Inhaltlich läßt sich vielleicht sogar kritisieren, dass hier einige Lücken existieren, wenn zum Beispiel von einem Krieg die Rede ist, man aber niemals erfährt, wer hier warum kämpft und ob dieser Krieg noch andauert oder schon lange vorbei ist. Außerdem lesen wir von Massenselbstmorden, erfahren aber niemals die Hintergründe hierzu. Ebenso wird die um sich greifende Hoffnungslosigkeit niemals erläutert oder begründet. Raum und Zeit sind eine vielleicht schon postapokalyptische Welt, die der Leser so einfach hinnehmen muss:

„Den einsamsten aller Planeten hat mein Großvater die Erde genannt, weil hier jeder für sich allein kämpft und jeder für etwas stirbt, für das man gerne leben würde.“

Lucy Fricke, Das Fest

Der im Oktober 2024 im Claasen Verlag erschienene Roman „Das Fest“ von Lucy Fricke ist nur gute 130 Seiten lang und leicht und schnell zu lesen. Lucy Fricke ist hier eine sehr schöne Geschichte gelungen – der einzige Wermutstropfen ist die Tatsache, die doch auch den Verlagen ins Auge springen muss, dass ein Buch mit diesem Umfang für einen Preis von 20,00 EUR sehr teuer ist.
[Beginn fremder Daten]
theorem lemma5p3:
  fixes n :: nat
  assumes "n \<ge> 1"
  shows "(R (ceil_p (int n)) > 0 \<longrightarrow> b n = 0)
       \<and> (R (ceil_p (int n)) < 0 \<and> odd (R (ceil_p (int n))) \<longrightarrow> b n = -1)
       \<and> (R (ceil_p (int n)) < 0 \<and> even (R (ceil_p (int n))) \<longrightarrow> b n = 1)"
proof -
  obtain m where ceil: "ceil_p (int n) = pent m" and below: "{j. pent j < pent m} = {j. pent j < int n}"
    by (rule ceil_p_minimal)
  have b_sum: "b n = - (\<Sum>j | pent j < pent m. (-1) ^ nat \<bar>j\<bar>)"
    unfolding below using b_eq_sum_sign[OF assms] .
  show ?thesis
  proof (cases m)
    case (nonneg k)
    have "b n = 0"
      using b_sum unfolding nonneg sum_sign_pent_less_of_nat by simp
    then show ?thesis unfolding ceil R_pent nonneg by simp
  next
    case (neg k)
    have "b n = - ((-1) ^ k)"
      using b_sum unfolding neg sum_sign_pent_less_uminus .
    then show ?thesis unfolding ceil R_pent neg by simp
  qed
qed

end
Doch kurz zum Inhalt: Der Protagonist Jakob wird fünfzig und zieht Bilanz. Er will nicht feiern, sieht sich gescheitert und badet gerne in Selbstmitleid und düsteren Perspektiven. Seine alte Freundin Ellen arrangiert für ihn an diesem Tag einige „zufällige“ Treffen mit alten Wegbegleitern, die seine Sicht aufs Leben bis zum Abend, der in einem rauschenden Fest endet, ändern wird. Bis dahin wird er unter anderem einen Zahn verlieren, sich den Fuß verstauchen, ein blaues Auge bekommen und buchstäblich eine dicke Lippe riskieren.

In sieben kurzen Kapiteln durchleben wir mit Jakob und seinen Wegbegleitern sein Leben und lernen, dass sich uns das Leben darbietet, das wir es beim Schopfe packen müssen, jeden einzelnen Moment, denn „wenn zu viele Fragen auf einen zu kurzen Moment trafen, verstrich er in aller Regel ohne jedes Ergebnis.“ Lassen wir die Fragen beiseite, gibt es so viel im Leben zu entdecken und zu genießen.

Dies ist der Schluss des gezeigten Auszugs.